• [Problem details]:
Please restate, word for word, the lines below that begin at the one with "by (simp add: rate_fun_def C1_nonneg_continuous_on)" and end at the one with "by (auto simp: order_le_less)". Leave out all other lines.

[Record excerpts]

(* Let $n\ge 1$ be odd. Consider the generalized $n$-gene repressilator system $$\dot r_i = a_i(p_{i-1}) - d_{r_i}(r_i),\qquad \dot p_i = k_i(r_i) - d_{p_i}(p_i),\qquad i=1,\dots,n,$$ (indices mod $n$, so $p_0=p_n$), where the functions satisfy the standing assumptions described in the context. Suppose that for every $i=1,\dots,n$, $$\delta_i^R > a_i(0)\quad\text{and}\quad \delta_i^P > k_i\big(d_{r_i}^{-1}(a_i(0))\big),$$ where $\delta_i^R:=\lim_{x\to\infty} d_{r_i}(x)$ and $\delta_i^P:=\lim_{x\to\infty} d_{p_i}(x)$ (these limits may be $+\infty$). Then the system has a unique steady state in $(0,\infty)^{2n}$.
   Context: Standing assumptions: each transcription-rate function $a_i:[0,\infty)\to\mathbb{R}$ is $C^1$, satisfies $a_i([0,\infty))\subset[0,\infty)$, is strictly decreasing on $[0,\infty)$, and has $a_i(0)>0$. Each degradation-rate function $d_{r_i}, d_{p_i}$ and each translation-rate function $k_i$ is a $C^1$ function $[0,\infty)\to\mathbb{R}$ that vanishes at $0$ and is strictly increasing on $(0,\infty)$; in particular these are invertible on their ranges. Here $r_i$ is the concentration of mRNA-$i$ and $p_i$ that of protein-$i$. *)

theory Defs
  imports "HOL-Analysis.Analysis"
begin

definition C1_nonneg :: "(real \<Rightarrow> real) \<Rightarrow> bool" where
  "C1_nonneg f \<longleftrightarrow> (\<exists>f'. continuous_on {0..} f' \<and>
      (\<forall>x\<ge>0. (f has_real_derivative f' x) (at x within {0..})))"

definition transcription_fun :: "(real \<Rightarrow> real) \<Rightarrow> bool" where
  "transcription_fun f \<longleftrightarrow> C1_nonneg f \<and> (\<forall>x\<ge>0. f x \<ge> 0) \<and>
      (\<forall>x y. 0 \<le> x \<longrightarrow> x < y \<longrightarrow> f y < f x) \<and> f 0 > 0"

definition rate_fun :: "(real \<Rightarrow> real) \<Rightarrow> bool" where
  "rate_fun f \<longleftrightarrow> C1_nonneg f \<and> f 0 = 0 \<and>
      (\<forall>x y. 0 < x \<longrightarrow> x < y \<longrightarrow> f x < f y)"

text \<open>Steady state of the n-gene repressilator in (0,oo)^(2n); indices 0..n-1,
  the predecessor of i is (i + n - 1) mod n.\<close>
definition repressilator_steady_state ::
  "nat \<Rightarrow> (nat \<Rightarrow> real \<Rightarrow> real) \<Rightarrow> (nat \<Rightarrow> real \<Rightarrow> real) \<Rightarrow> (nat \<Rightarrow> real \<Rightarrow> real)
   \<Rightarrow> (nat \<Rightarrow> real \<Rightarrow> real) \<Rightarrow> (nat \<Rightarrow> real) \<Rightarrow> (nat \<Rightarrow> real) \<Rightarrow> bool" where
  "repressilator_steady_state n a dr k dp r p \<longleftrightarrow>
     (\<forall>i<n. r i > 0 \<and> p i > 0 \<and>
        a i (p ((i + n - 1) mod n)) - dr i (r i) = 0 \<and>
        k i (r i) - dp i (p i) = 0)"

end

theory Submission
  imports Defs
begin

text \<open>At a steady state the levels of gene \<open>i\<close> are determined by the protein level
  \<open>x\<close> of its repressor: \<open>r\<^sub>i = dr\<^sub>i\<inverse> (a\<^sub>i x)\<close> and \<open>p\<^sub>i = F\<^sub>i x\<close> with
  \<open>F\<^sub>i = dp\<^sub>i\<inverse> \<circ> k\<^sub>i \<circ> dr\<^sub>i\<inverse> \<circ> a\<^sub>i\<close>. The bounds on the limits of the
  degradation rates make these inverses defined on the ranges that occur, and each \<open>F\<^sub>i\<close>
  is continuous, positive and strictly decreasing on \<open>[0,\<infinity>)\<close>. Steady states thus
  correspond to fixed points of the cyclic composition of the \<open>F\<^sub>i\<close>; for odd \<open>n\<close> this
  composition is again continuous and strictly decreasing, so it crosses the diagonal
  exactly once.\<close>

lemma C1_nonneg_continuous_on: "C1_nonneg f \<Longrightarrow> continuous_on {0..} f"
  unfolding C1_nonneg_def
  by (auto simp: continuous_on_eq_continuous_within intro: DERIV_continuous)

lemma rate_fun_continuous_on: "rate_fun f \<Longrightarrow> continuous_on {0..} f"
  by (simp add: rate_fun_def C1_nonneg_continuous_on)

lemma rate_fun_pos:
  assumes f: "rate_fun f" and "0 < x"
  shows "0 < f x"
proof (rule ccontr)
  assume "\<not> 0 < f x"
  moreover have "f (x/2) < f x" using f \<open>0 < x\<close> by (simp add: rate_fun_def)
  ultimately have neg: "f (x/2) < 0" by simp
  have "f 0 = 0" using f by (simp add: rate_fun_def)
  moreover have "continuous_on {0..x/2} f"
    using rate_fun_continuous_on[OF f] by (rule continuous_on_subset) auto
  ultimately obtain t where t: "0 \<le> t" "t \<le> x/2" "f t = f (x/2) / 2"
    using IVT2'[of f "x/2" "f (x/2) / 2" 0] neg \<open>0 < x\<close> by auto
  \<comment> \<open>\<open>f (x/2) / 2\<close> lies strictly between \<open>f (x/2)\<close> and \<open>f 0\<close>, which monotonicity forbids.\<close>
  with neg \<open>f 0 = 0\<close> have "0 < t" "t < x/2"
    by (auto simp: order_le_less)
  then have "f t < f (x/2)" using f by (simp add: rate_fun_def)
  with t neg show False by simp
qed

lemma rate_fun_strict_mono_on:
  assumes f: "rate_fun f"
  shows "strict_mono_on {0..} f"
proof (rule monotone_onI)
  fix x y :: real assume "x \<in> {0..}" "y \<in> {0..}" "x < y"
  then show "f x < f y"
    using f rate_fun_pos[OF f, of y] by (cases "x = 0") (auto simp: rate_fun_def)
qed

lemma rate_fun_image_atLeastAtMost:
  assumes f: "rate_fun f" and "0 \<le> R"
  shows "f ` {0..R} = {0..f R}"
proof
  have "f 0 = 0" using f by (simp add: rate_fun_def)
  then show "f ` {0..R} \<subseteq> {0..f R}"
    using strict_mono_on_leD[OF rate_fun_strict_mono_on[OF f]] by force
  show "{0..f R} \<subseteq> f ` {0..R}"
  proof
    fix v assume "v \<in> {0..f R}"
    moreover have "continuous_on {0..R} f"
      using rate_fun_continuous_on[OF f] by (rule continuous_on_subset) auto
    ultimately obtain x where "0 \<le> x" "x \<le> R" "f x = v"
      using IVT'[of f 0 v R] \<open>f 0 = 0\<close> \<open>0 \<le> R\<close> by auto
    then show "v \<in> f ` {0..R}" by auto
  qed
qed

lemma rate_fun_inv:
  assumes f: "rate_fun f" and "0 \<le> R" and v: "v \<in> {0..f R}"
  shows "0 \<le> the_inv_into {0..} f v" and "f (the_inv_into {0..} f v) = v"
proof -
  have inj: "inj_on f {0..}" by (rule strict_mono_on_imp_inj_on[OF rate_fun_strict_mono_on[OF f]])
  have "v \<in> f ` {0..R}" using v rate_fun_image_atLeastAtMost[OF f \<open>0 \<le> R\<close>] by simp
  then have "v \<in> f ` {0..}" by auto
  then show "0 \<le> the_inv_into {0..} f v" "f (the_inv_into {0..} f v) = v"
    using the_inv_into_into[OF inj] f_the_inv_into_f[OF inj] by auto
qed

lemma rate_fun_inv_strict_mono_on:
  assumes f: "rate_fun f" and "0 \<le> R"
  shows "strict_mono_on {0..f R} (the_inv_into {0..} f)"
proof (rule monotone_onI)
  fix u v assume "u \<in> {0..f R}" "v \<in> {0..f R}" "u < v"
  then show "the_inv_into {0..} f u < the_inv_into {0..} f v"
    using rate_fun_inv[OF f \<open>0 \<le> R\<close>]
      strict_mono_on_less[OF rate_fun_strict_mono_on[OF f]] by (metis atLeast_iff)
qed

[/Record excerpts]

• [Task answer]:
  by (simp add: rate_fun_def C1_nonneg_continuous_on)

lemma rate_fun_pos:
  assumes f: "rate_fun f" and "0 < x"
  shows "0 < f x"
proof (rule ccontr)
  assume "\<not> 0 < f x"
  moreover have "f (x/2) < f x" using f \<open>0 < x\<close> by (simp add: rate_fun_def)
  ultimately have neg: "f (x/2) < 0" by simp
  have "f 0 = 0" using f by (simp add: rate_fun_def)
  moreover have "continuous_on {0..x/2} f"
    using rate_fun_continuous_on[OF f] by (rule continuous_on_subset) auto
  ultimately obtain t where t: "0 \<le> t" "t \<le> x/2" "f t = f (x/2) / 2"
    using IVT2'[of f "x/2" "f (x/2) / 2" 0] neg \<open>0 < x\<close> by auto
  \<comment> \<open>\<open>f (x/2) / 2\<close> lies strictly between \<open>f (x/2)\<close> and \<open>f 0\<close>, which monotonicity forbids.\<close>
  with neg \<open>f 0 = 0\<close> have "0 < t" "t < x/2"
    by (auto simp: order_le_less)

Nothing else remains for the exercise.